What in the world could this be? What else would determine air/fuel on start up?

Thanks for your time,
Steve

J-Ri
11-28-2007, 06:17 PM
Intake air temp could also cause it to run too rich.

Incorrect barometric pressure reading could affect it a bit. It reads the MAP as soon as the key goes "on" (before any cranking) and uses that reading for the remainder of the ignition cycle.

What's the spark plug gap?

snydes
11-28-2007, 06:40 PM
The plug gap is to spec, I can't remember what that spec is but off the top of my head I think it was .06". What sensors in particular are involved with the intake air temp/barometric pressure readings you are speaking of?

I appreciate the info...

777stickman
11-28-2007, 07:26 PM
The IAT (Intake Air Temp) sensor is located in the inlet tube just as it comes out of the filter box. The MAP (Manifold Absolute Pressure ((AKA manifold vacuum)) ) is located between the throttle body and the dist.

Really should hook up a scanner that can read these sensors and see if they need to be replaced.

The IAT should read ambient temp and the MAP should read current barometric pressure (engine off-key on).

Also need to check the TPS (Throttle Position Sensor). With the throttle closed the voltage should not be more than 2.5 volts.

snydes
11-28-2007, 07:48 PM
I guess you need a high end scanner that can read those sensors? I have one of those Actron code scanners, I just went through the manual and I don't think it can do that. This is the one I am using... http://www.actron.com/product_detail.php?pid=16298
Is there one that can do what you are referring, or are those type real expensive dealer type units? Thanks for the replies.

2000CAYukon
11-28-2007, 08:13 PM
I guess you need a high end scanner that can read those sensors? I have one of those Actron code scanners, I just went through the manual and I don't think it can do that. This is the one I am using... http://www.actron.com/product_detail.php?pid=16298
Is there one that can do what you are referring, or are those type real expensive dealer type units? Thanks for the replies.

That is a code reader not a scan tool. You do not need a real high end scanner to read the sensor values but the code reader is not going to do it.

//2000CAYukon

snydes
11-28-2007, 08:21 PM
Ok, I see them now. I will have to see if I can find one to borrow.

snydes
11-28-2007, 08:43 PM
Does anyone make any software for a laptop that can do the same thing?

tempfixit
11-28-2007, 09:03 PM
Try www.autotap.com (http://www.autotap.com)
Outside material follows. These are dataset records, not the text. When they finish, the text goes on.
lemma mills_ratio_pos: "0 < mills_ratio z"
  unfolding mills_ratio_def using std_normal_cdf_less_1[of z] std_normal_density_pos[of z] by simp

lemma nonneg_if_deriv_nonpos_tendsto_0:
  fixes g g' :: "real \<Rightarrow> real"
  assumes "\<And>x. x > a \<Longrightarrow> (g has_real_derivative g' x) (at x)" "\<And>x. x > a \<Longrightarrow> g' x \<le> 0"
    and "(g \<longlongrightarrow> 0) at_top" "z > a"
  shows "g z \<ge> 0"
proof -
  have "eventually (\<lambda>x. g x \<le> g z) at_top"
    using eventually_ge_at_top[of z]
  proof eventually_elim
    case (elim x)
    show ?case
    proof (rule DERIV_nonpos_imp_nonincreasing[OF elim])
      fix u assume "z \<le> u"
      then have "u > a" using \<open>z > a\<close> by simp
      then show "\<exists>y. (g has_real_derivative y) (at u) \<and> y \<le> 0" using assms(1,2) by blast
    qed
  qed
  from tendsto_upperbound[OF assms(3) this] show ?thesis by simp
qed

lemma std_normal_density_div_tendsto_0: "((\<lambda>z. \<phi> z / z) \<longlongrightarrow> 0) at_top"
  unfolding std_normal_density_def by real_asymp

lemma std_normal_density_mult_tendsto_0: "((\<lambda>z. \<phi> z * (1 / z - 1 / z ^ 3)) \<longlongrightarrow> 0) at_top"
  unfolding std_normal_density_def by real_asymp

lemma std_normal_upper_tail_tendsto_0: "((\<lambda>z. 1 - \<Phi> z) \<longlongrightarrow> 0) at_top"
  using tendsto_diff[OF tendsto_const[of 1] std_normal_cdf_tendsto_at_top] by simp

lemma std_normal_tail_upper_bound:
  assumes "z > 0"
  shows "1 - \<Phi> z \<le> \<phi> z / z"
proof -
  have "\<phi> z / z - (1 - \<Phi> z) \<ge> 0"
  proof (rule nonneg_if_deriv_nonpos_tendsto_0[where a=0 and z=z and g'="\<lambda>x. - \<phi> x / x\<^sup>2"
        and g="\<lambda>z. \<phi> z / z - (1 - \<Phi> z)"])
    fix x :: real assume "x > 0"
    then show "((\<lambda>z. \<phi> z / z - (1 - \<Phi> z)) has_real_derivative - \<phi> x / x\<^sup>2) (at x)"
      by (auto intro!: derivative_eq_intros std_normal_density_has_real_derivative
          simp: field_simps power2_eq_square)
  next
    show "((\<lambda>z. \<phi> z / z - (1 - \<Phi> z)) \<longlongrightarrow> 0) at_top"
      using tendsto_diff[OF std_normal_density_div_tendsto_0 std_normal_upper_tail_tendsto_0] by simp
  qed (use assms in auto)
  then show ?thesis by simp
qed

lemma std_normal_tail_lower_bound:
  assumes "z > 0"
  shows "\<phi> z * (1 / z - 1 / z ^ 3) \<le> 1 - \<Phi> z"
proof -
  have "(1 - \<Phi> z) - \<phi> z * (1 / z - 1 / z ^ 3) \<ge> 0"
  proof (rule nonneg_if_deriv_nonpos_tendsto_0[where a=0 and z=z and g'="\<lambda>x. - 3 * \<phi> x / x ^ 4"
        and g="\<lambda>z. (1 - \<Phi> z) - \<phi> z * (1 / z - 1 / z ^ 3)"])
    fix x :: real assume "x > 0"
    then show "((\<lambda>z. (1 - \<Phi> z) - \<phi> z * (1 / z - 1 / z ^ 3)) has_real_derivative
        - 3 * \<phi> x / x ^ 4) (at x)"
      by (auto intro!: derivative_eq_intros std_normal_density_has_real_derivative
          simp: field_simps power2_eq_square eval_nat_numeral)
  next
    show "((\<lambda>z. (1 - \<Phi> z) - \<phi> z * (1 / z - 1 / z ^ 3)) \<longlongrightarrow> 0) at_top"
      using tendsto_diff[OF std_normal_upper_tail_tendsto_0 std_normal_density_mult_tendsto_0] by simp
  qed (use assms in auto)
  then show ?thesis by simp
qed

lemma mills_ratio_bounds:
  assumes "z > 0"
  shows "1 - 1 / z\<^sup>2 \<le> z * mills_ratio z" and "z * mills_ratio z \<le> 1"
proof -
  have "\<phi> z > 0" by (rule std_normal_density_pos)
  have "\<phi> z * (1 - 1 / z\<^sup>2) = z * (\<phi> z * (1 / z - 1 / z ^ 3))"
    using assms by (simp add: field_simps power2_eq_square power3_eq_cube)
  also have "\<dots> \<le> z * (1 - \<Phi> z)"
    using std_normal_tail_lower_bound[OF assms] assms by (intro mult_left_mono) auto
  finally show "1 - 1 / z\<^sup>2 \<le> z * mills_ratio z"
    using \<open>\<phi> z > 0\<close> by (simp add: mills_ratio_def field_simps)
  show "z * mills_ratio z \<le> 1"
    using std_normal_tail_upper_bound[OF assms] assms \<open>\<phi> z > 0\<close>
    by (simp add: mills_ratio_def field_simps)
qed

lemma mills_ratio_asymptotic: "((\<lambda>z. z * mills_ratio z) \<longlongrightarrow> 1) at_top"
proof (rule tendsto_sandwich[where f="\<lambda>z. 1 - 1 / z\<^sup>2" and h="\<lambda>z. 1"])
  show "eventually (\<lambda>z. 1 - 1 / z\<^sup>2 \<le> z * mills_ratio z) at_top"
    using eventually_gt_at_top[of 0] by eventually_elim (rule mills_ratio_bounds)
  show "eventually (\<lambda>z. z * mills_ratio z \<le> 1) at_top"
    using eventually_gt_at_top[of 0] by eventually_elim (rule mills_ratio_bounds)
  show "((\<lambda>z::real. 1 - 1 / z\<^sup>2) \<longlongrightarrow> 1) at_top" by real_asymp
qed auto

lemma mills_ratio_tendsto_0: "(mills_ratio \<longlongrightarrow> 0) at_top"
proof -
  have "((\<lambda>z. z * mills_ratio z * (1 / z)) \<longlongrightarrow> 1 * 0) at_top"
    by (intro tendsto_mult mills_ratio_asymptotic) real_asymp
  then have "((\<lambda>z. z * mills_ratio z * (1 / z)) \<longlongrightarrow> 0) at_top" by simp
  then show ?thesis
    by (rule Lim_transform_eventually) (use eventually_gt_at_top[of 0] in \<open>eventually_elim, simp\<close>)
qed

lemma mills_ratio_shift_asymptotic: "((\<lambda>z. (z - a) * mills_ratio z) \<longlongrightarrow> 1) at_top"
  using tendsto_diff[OF mills_ratio_asymptotic tendsto_mult_right_zero[OF mills_ratio_tendsto_0, of a]]
  by (simp add: left_diff_distrib)

lemma mills_ratio_at_bot: "filterlim mills_ratio at_top at_bot"
proof -
  have "(\<Phi> \<longlongrightarrow> 0) at_bot"
    using finite_borel_measure.cdf_lim_at_bot[OF
        real_distribution.finite_borel_measure_M[OF real_distribution_std_normal]]
    by (simp add: std_normal_cdf_eq_cdf[abs_def])
  then have "((\<lambda>z. 1 - \<Phi> z) \<longlongrightarrow> 1) at_bot"
    using tendsto_diff[OF tendsto_const[of 1]] by fastforce
  moreover have "(\<phi> \<longlongrightarrow> 0) at_bot"
    unfolding std_normal_density_def by real_asymp
  ultimately show ?thesis
    unfolding mills_ratio_def[abs_def]
    by (intro LIM_at_top_divide) (auto simp: std_normal_density_pos)
qed

subsection \<open>The exponential moment of a call payoff\<close>

definition exp_call_mean :: "real \<Rightarrow> real \<Rightarrow> real \<Rightarrow> real \<Rightarrow> real" where
  "exp_call_mean s c k w =
     \<Phi> ((k - w) / s) + exp (c * (w - k) + (c * s)\<^sup>2 / 2) * (1 - \<Phi> ((k - w) / s - c * s))"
or www.autoenginuity.com (http://www.autoenginuity.com)

snydes
11-29-2007, 05:28 PM
Well, I got a PC type set-up on the way, I will report back with my findings, hopefully it will give some clues to the problem.

bracketshark
11-30-2007, 12:05 PM
While your waiting for the software to arrive I'd check the Distributor cap and rotor button. I just finished a truck that showed good fire at the plugs but wouldn't run. When we opened the dist. it was obvious, found a dime sized hole in the rotor button and the metal was gone off of it. I don't think yours is this severe but it might be bad. Hope this helps. :)

snydes
11-30-2007, 06:33 PM
I did take it off and look at it, it could use a new one, it didn't look like it was bad enough to be an issue, but I will replace anyhow to be sure. Thanks for the suggestion. Keep em' coming :)

snydes
12-02-2007, 08:41 AM
While your waiting for the software to arrive I'd check the Distributor cap and rotor button. I just finished a truck that showed good fire at the plugs but wouldn't run. When we opened the dist. it was obvious, found a dime sized hole in the rotor button and the metal was gone off of it. I don't think yours is this severe but it might be bad. Hope this helps. :)
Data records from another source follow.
lemma ln_div_le_of_le_exp:
  fixes c f t R :: real
  assumes "0 < f" "f \<le> c * exp (t * R)" "0 < t"
  shows "ln f / t \<le> R + ln c / t"
proof -
  have "0 < c * exp (t * R)" using assms(1,2) by linarith
  then have "0 < c" by (simp add: zero_less_mult_iff)
  moreover have "ln f \<le> ln (c * exp (t * R))" using assms(1,2) by (subst ln_le_cancel_iff) auto
  ultimately have "ln f / t \<le> (ln c + t * R) / t"
    using assms(3) by (simp add: ln_mult divide_right_mono)
  then show ?thesis using assms(3) by (simp add: add_divide_distrib)
qed

lemma tendsto_ln_div_of_ratio:
  fixes g :: "real \<Rightarrow> real" and c l :: real
  assumes "((\<lambda>t. g t / exp (t * l)) \<longlongrightarrow> c) at_top" "0 < c"
  shows "((\<lambda>t. ln (g t) / t) \<longlongrightarrow> l) at_top"
proof -
  have "((\<lambda>t. ln (g t / exp (t * l))) \<longlongrightarrow> ln c) at_top"
    using tendsto_ln[OF assms(1)] assms(2) by simp
  then have "((\<lambda>t. ln (g t / exp (t * l)) / t) \<longlongrightarrow> 0) at_top"
    by (rule tendsto_divide_0[OF _ filterlim_at_top_imp_at_infinity[OF filterlim_ident]])
  then have "((\<lambda>t. l + ln (g t / exp (t * l)) / t) \<longlongrightarrow> l) at_top"
    using tendsto_add[OF tendsto_const, of _ 0 at_top l] by simp
  moreover have "eventually (\<lambda>t. 0 < g t / exp (t * l)) at_top"
    using order_tendstoD(1)[OF assms] .
  then have "eventually (\<lambda>t. l + ln (g t / exp (t * l)) / t = ln (g t) / t) at_top"
    using eventually_gt_at_top[of 0]
    by eventually_elim (simp add: ln_div zero_less_divide_iff field_simps)
  ultimately show ?thesis by (simp add: tendsto_cong)
qed

definition exp_sum :: "(real \<Rightarrow> real) \<Rightarrow> bool" where
  "exp_sum f \<longleftrightarrow> (\<exists>C. (\<forall>p\<in>#C. 0 < fst p) \<and> (\<forall>t. f t = (\<Sum>p\<in>#C. fst p * exp (t * snd p))))"

lemma exp_sum_zero: "exp_sum (\<lambda>t. 0)"
  unfolding exp_sum_def by (intro exI[of _ "{#}"]) simp

lemma exp_sum_exp: "0 \<le> c \<Longrightarrow> exp_sum (\<lambda>t. c * exp (t * r))"
  using exp_sum_zero unfolding exp_sum_def by (cases "c = 0") (auto intro!: exI[of _ "{#(c, r)#}"])

lemma exp_sum_add: "exp_sum f \<Longrightarrow> exp_sum g \<Longrightarrow> exp_sum (\<lambda>t. f t + g t)"
  unfolding exp_sum_def
proof (elim exE conjE)
  fix C D
  assume "\<forall>p\<in>#C. 0 < fst p" "\<forall>t. f t = (\<Sum>p\<in>#C. fst p * exp (t * snd p))"
    "\<forall>p\<in>#D. 0 < fst p" "\<forall>t. g t = (\<Sum>p\<in>#D. fst p * exp (t * snd p))"
  then show "\<exists>E. (\<forall>p\<in>#E. 0 < fst p) \<and> (\<forall>t. f t + g t = (\<Sum>p\<in>#E. fst p * exp (t * snd p)))"
    by (intro exI[of _ "C + D"]) auto
qed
Well, I got a new cap and rotor, put it on, put the spark plugs back in (I had left them out to dry out good), and it started. I'm not sure I understand why, it had good spark at the plugs, I had the cap off and looked at it, the contacts were showing their age, but I've seen much worse that had worked. When I pulled the rotor off and looked at it, it wasn't unusually bad either, but I did notice some condensation on it, which I suppose could have been a factor. I don't want to celebrate yet, as I had it running once before and it seemed fine, left it sit and it wouldn't start again, but I'm real glad it's at least running again. Thanks for the advice!

Steve

maxwedge
12-02-2007, 09:44 AM
Good spark at the plugs can fool you, under cylinder pressure it may not be enough to fire the plugs.

outofwaygreg
10-21-2010, 10:47 PM
have you tried the scanner tool that mentioned above?
well just bought 1 last month and it work all fine to me..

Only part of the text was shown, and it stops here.